EXERCISE: Print exactly those lines that run from the beginning of the data to the line bearing "(simp add: add_eq_0_iff2)", inclusive.

(Dataset entries)
*** Block opens ***
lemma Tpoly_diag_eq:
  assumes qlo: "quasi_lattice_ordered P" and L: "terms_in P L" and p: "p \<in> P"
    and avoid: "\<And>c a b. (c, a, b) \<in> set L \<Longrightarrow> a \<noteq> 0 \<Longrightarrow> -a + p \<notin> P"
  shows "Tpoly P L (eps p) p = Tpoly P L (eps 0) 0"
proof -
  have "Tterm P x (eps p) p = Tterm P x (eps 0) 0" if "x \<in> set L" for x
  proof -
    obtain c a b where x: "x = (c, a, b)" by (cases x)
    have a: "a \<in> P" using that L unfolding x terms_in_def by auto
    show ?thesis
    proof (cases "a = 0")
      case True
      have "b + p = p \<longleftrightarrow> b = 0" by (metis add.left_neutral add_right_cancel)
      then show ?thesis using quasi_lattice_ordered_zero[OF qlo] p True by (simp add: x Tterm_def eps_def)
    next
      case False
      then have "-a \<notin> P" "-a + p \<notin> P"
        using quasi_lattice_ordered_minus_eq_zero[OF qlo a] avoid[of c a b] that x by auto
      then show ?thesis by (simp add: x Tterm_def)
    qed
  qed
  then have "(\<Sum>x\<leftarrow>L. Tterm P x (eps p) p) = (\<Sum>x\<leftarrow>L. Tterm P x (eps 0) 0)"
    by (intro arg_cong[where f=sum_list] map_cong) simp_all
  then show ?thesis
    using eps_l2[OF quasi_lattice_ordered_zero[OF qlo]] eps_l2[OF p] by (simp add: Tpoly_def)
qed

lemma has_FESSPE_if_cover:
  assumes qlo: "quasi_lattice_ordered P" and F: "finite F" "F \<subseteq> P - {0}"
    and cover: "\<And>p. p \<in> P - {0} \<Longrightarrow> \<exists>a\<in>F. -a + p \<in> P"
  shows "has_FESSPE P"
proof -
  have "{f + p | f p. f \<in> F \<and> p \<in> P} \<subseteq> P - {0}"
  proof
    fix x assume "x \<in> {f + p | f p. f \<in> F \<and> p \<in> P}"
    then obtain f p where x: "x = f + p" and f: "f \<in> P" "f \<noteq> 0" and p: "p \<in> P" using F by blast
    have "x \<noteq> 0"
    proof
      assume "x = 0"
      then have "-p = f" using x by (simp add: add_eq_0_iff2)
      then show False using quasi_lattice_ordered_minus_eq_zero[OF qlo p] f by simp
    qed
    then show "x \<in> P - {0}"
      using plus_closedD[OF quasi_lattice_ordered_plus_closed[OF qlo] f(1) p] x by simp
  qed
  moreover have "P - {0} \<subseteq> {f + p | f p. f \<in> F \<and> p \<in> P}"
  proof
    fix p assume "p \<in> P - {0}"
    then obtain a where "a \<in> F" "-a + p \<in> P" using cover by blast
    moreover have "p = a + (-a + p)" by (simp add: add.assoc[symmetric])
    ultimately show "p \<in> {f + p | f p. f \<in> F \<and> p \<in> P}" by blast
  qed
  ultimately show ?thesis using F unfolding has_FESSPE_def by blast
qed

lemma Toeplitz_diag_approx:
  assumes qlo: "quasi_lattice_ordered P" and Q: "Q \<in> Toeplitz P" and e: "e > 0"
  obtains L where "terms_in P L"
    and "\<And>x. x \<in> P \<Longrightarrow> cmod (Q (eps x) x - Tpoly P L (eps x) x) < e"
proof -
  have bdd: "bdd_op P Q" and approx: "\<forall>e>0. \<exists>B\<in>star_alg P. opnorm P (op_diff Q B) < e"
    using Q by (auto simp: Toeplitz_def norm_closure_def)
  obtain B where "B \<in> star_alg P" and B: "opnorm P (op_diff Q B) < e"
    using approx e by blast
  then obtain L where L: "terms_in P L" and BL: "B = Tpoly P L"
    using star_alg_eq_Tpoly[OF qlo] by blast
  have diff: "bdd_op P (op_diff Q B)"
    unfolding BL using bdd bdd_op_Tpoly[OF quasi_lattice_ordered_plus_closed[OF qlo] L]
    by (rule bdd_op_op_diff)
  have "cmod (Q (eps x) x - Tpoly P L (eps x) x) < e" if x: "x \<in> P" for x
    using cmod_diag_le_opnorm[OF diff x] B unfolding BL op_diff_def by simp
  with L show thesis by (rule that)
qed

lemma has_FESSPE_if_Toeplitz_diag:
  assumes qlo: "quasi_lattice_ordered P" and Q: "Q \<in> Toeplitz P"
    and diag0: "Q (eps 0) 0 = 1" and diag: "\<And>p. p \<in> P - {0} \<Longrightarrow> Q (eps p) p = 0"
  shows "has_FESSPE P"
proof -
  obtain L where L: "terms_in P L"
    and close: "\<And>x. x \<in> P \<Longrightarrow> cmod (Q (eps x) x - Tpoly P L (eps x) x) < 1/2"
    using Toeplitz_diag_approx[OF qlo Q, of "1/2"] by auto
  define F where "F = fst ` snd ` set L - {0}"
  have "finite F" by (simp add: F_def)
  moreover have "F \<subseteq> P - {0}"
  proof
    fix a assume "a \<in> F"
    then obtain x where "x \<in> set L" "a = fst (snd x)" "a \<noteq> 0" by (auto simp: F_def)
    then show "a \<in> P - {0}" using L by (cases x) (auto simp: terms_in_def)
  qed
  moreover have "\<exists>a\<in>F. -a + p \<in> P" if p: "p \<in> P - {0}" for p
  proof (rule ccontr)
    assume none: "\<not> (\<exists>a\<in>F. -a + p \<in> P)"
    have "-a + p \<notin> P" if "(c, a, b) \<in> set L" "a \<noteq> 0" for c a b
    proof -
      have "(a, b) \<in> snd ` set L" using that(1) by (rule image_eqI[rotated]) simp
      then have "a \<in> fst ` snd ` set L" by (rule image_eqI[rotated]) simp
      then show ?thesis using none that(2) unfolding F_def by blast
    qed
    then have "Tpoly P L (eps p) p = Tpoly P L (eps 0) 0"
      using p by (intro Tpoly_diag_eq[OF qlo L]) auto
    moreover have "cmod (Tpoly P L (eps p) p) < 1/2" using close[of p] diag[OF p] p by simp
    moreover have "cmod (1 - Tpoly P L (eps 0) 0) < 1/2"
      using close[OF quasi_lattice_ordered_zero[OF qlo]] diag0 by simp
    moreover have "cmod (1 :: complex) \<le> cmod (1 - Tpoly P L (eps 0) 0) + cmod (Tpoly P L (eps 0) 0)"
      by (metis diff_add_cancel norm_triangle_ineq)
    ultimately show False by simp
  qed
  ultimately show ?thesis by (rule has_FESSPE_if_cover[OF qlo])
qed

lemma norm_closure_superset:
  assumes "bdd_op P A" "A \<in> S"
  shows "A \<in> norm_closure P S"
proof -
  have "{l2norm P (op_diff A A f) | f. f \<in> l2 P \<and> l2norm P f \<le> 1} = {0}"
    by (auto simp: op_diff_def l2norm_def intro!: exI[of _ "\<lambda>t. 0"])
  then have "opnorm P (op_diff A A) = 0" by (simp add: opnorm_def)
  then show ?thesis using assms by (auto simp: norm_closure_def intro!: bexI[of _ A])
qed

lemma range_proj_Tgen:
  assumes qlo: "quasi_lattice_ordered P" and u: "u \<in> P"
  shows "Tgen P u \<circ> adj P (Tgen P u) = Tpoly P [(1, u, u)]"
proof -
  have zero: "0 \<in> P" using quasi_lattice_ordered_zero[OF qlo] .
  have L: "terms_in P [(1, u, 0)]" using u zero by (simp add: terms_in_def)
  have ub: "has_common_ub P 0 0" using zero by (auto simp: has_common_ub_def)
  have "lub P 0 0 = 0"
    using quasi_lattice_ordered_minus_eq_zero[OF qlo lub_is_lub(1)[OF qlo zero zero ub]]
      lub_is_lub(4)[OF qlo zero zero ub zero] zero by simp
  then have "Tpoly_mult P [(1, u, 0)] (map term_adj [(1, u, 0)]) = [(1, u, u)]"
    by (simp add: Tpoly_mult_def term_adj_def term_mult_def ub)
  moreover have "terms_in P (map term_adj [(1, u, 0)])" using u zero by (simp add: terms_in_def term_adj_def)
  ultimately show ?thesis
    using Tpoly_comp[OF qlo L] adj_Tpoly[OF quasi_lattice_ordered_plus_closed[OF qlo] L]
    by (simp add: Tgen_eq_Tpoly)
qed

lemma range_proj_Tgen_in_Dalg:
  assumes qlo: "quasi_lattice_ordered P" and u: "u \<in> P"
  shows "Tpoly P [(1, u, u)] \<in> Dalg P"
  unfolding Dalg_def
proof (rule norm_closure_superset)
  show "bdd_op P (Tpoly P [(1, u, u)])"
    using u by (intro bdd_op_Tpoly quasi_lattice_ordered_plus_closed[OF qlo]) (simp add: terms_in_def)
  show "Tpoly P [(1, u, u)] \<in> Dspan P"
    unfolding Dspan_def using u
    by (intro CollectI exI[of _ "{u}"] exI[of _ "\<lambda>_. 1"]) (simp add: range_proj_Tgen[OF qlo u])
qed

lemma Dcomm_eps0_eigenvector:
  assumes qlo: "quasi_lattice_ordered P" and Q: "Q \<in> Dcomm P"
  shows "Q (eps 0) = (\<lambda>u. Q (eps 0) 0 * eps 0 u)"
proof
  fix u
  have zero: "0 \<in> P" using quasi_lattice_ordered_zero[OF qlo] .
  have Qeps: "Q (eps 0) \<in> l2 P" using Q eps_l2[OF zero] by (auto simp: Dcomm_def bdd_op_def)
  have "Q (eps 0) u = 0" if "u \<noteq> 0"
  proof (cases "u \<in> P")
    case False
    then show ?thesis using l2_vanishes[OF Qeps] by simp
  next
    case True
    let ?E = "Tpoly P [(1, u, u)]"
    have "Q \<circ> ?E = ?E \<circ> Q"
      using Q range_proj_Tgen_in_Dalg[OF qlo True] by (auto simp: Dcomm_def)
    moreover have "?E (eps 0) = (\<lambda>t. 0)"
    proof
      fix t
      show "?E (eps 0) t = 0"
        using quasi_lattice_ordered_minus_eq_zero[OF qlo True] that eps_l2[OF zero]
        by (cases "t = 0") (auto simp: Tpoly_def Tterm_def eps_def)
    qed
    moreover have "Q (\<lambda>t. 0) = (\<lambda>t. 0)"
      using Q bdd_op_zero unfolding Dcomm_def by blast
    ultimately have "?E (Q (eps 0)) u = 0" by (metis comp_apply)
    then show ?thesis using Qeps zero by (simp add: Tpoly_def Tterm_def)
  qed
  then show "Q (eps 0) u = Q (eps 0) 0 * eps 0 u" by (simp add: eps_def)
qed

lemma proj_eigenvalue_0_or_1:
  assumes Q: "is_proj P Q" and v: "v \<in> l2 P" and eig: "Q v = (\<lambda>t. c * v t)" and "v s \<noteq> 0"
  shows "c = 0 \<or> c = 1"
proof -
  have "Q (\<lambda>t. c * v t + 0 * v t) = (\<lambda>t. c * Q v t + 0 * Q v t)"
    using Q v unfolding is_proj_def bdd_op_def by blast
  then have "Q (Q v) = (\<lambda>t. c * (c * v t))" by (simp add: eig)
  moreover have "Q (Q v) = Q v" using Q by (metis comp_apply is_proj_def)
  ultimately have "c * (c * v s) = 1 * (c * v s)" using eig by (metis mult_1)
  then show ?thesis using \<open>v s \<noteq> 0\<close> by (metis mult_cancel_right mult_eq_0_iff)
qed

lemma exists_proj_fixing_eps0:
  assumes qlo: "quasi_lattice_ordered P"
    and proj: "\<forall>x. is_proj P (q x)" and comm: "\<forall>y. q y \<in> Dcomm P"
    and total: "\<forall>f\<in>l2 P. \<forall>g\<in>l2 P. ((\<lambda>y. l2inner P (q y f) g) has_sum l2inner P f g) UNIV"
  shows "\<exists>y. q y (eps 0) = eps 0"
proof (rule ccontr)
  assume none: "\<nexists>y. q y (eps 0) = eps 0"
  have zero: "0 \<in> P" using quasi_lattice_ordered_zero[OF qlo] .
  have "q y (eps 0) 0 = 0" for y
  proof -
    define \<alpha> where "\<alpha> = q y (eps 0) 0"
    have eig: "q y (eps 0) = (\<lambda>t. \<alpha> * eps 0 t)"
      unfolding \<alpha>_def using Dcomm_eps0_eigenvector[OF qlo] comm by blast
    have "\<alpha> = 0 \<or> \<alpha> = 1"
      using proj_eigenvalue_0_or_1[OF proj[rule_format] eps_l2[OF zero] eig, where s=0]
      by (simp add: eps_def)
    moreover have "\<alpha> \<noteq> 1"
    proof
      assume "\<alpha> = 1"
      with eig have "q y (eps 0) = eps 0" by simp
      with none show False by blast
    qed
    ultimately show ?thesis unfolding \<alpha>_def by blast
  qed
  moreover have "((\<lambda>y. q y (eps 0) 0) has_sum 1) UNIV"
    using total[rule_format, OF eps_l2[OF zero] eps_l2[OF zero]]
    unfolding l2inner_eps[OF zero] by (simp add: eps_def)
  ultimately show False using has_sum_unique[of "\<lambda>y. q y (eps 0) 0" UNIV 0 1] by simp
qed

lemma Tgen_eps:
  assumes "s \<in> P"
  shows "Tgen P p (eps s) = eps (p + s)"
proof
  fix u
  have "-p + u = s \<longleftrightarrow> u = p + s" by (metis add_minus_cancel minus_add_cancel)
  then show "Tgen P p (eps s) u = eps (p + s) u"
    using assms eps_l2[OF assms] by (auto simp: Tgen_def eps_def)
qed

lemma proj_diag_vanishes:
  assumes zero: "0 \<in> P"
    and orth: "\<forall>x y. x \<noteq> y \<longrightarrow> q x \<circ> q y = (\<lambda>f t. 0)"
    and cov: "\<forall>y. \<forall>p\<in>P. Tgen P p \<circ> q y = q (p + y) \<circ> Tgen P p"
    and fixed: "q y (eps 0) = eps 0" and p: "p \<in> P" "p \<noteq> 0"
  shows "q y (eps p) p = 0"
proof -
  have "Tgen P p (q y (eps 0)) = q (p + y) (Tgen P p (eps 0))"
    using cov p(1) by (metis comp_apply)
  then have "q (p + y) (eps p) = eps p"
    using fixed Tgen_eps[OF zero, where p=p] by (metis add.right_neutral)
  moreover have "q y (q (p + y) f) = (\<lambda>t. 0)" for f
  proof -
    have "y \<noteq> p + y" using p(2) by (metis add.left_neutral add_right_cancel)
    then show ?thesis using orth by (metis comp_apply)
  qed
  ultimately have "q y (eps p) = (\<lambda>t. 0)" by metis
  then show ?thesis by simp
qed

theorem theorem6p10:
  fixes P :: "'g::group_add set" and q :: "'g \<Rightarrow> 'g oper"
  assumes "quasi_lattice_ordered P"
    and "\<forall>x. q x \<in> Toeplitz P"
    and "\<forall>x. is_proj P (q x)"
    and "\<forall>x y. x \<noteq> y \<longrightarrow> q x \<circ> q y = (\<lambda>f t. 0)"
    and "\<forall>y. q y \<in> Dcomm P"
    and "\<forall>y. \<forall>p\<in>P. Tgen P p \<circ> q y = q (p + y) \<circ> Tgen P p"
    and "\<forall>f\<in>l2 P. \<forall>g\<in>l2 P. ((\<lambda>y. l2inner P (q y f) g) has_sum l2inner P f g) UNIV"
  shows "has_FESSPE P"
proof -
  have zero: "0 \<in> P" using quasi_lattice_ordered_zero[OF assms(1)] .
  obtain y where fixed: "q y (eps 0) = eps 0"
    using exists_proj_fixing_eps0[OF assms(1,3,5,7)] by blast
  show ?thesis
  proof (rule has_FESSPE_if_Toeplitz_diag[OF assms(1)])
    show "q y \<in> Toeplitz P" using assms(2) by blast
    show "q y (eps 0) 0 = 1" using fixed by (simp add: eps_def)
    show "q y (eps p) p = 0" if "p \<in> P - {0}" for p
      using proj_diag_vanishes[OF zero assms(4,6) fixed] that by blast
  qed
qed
*** Block closes ***
SOLUTION TO THE EXERCISE:
lemma Tpoly_diag_eq:
  assumes qlo: "quasi_lattice_ordered P" and L: "terms_in P L" and p: "p \<in> P"
    and avoid: "\<And>c a b. (c, a, b) \<in> set L \<Longrightarrow> a \<noteq> 0 \<Longrightarrow> -a + p \<notin> P"
  shows "Tpoly P L (eps p) p = Tpoly P L (eps 0) 0"
proof -
  have "Tterm P x (eps p) p = Tterm P x (eps 0) 0" if "x \<in> set L" for x
  proof -
    obtain c a b where x: "x = (c, a, b)" by (cases x)
    have a: "a \<in> P" using that L unfolding x terms_in_def by auto
    show ?thesis
    proof (cases "a = 0")
      case True
      have "b + p = p \<longleftrightarrow> b = 0" by (metis add.left_neutral add_right_cancel)
      then show ?thesis using quasi_lattice_ordered_zero[OF qlo] p True by (simp add: x Tterm_def eps_def)
    next
      case False
      then have "-a \<notin> P" "-a + p \<notin> P"
        using quasi_lattice_ordered_minus_eq_zero[OF qlo a] avoid[of c a b] that x by auto
      then show ?thesis by (simp add: x Tterm_def)
    qed
  qed
  then have "(\<Sum>x\<leftarrow>L. Tterm P x (eps p) p) = (\<Sum>x\<leftarrow>L. Tterm P x (eps 0) 0)"
    by (intro arg_cong[where f=sum_list] map_cong) simp_all
  then show ?thesis
    using eps_l2[OF quasi_lattice_ordered_zero[OF qlo]] eps_l2[OF p] by (simp add: Tpoly_def)
qed

lemma has_FESSPE_if_cover:
  assumes qlo: "quasi_lattice_ordered P" and F: "finite F" "F \<subseteq> P - {0}"
    and cover: "\<And>p. p \<in> P - {0} \<Longrightarrow> \<exists>a\<in>F. -a + p \<in> P"
  shows "has_FESSPE P"
proof -
  have "{f + p | f p. f \<in> F \<and> p \<in> P} \<subseteq> P - {0}"
  proof
    fix x assume "x \<in> {f + p | f p. f \<in> F \<and> p \<in> P}"
    then obtain f p where x: "x = f + p" and f: "f \<in> P" "f \<noteq> 0" and p: "p \<in> P" using F by blast
    have "x \<noteq> 0"
    proof
      assume "x = 0"
      then have "-p = f" using x by (simp add: add_eq_0_iff2)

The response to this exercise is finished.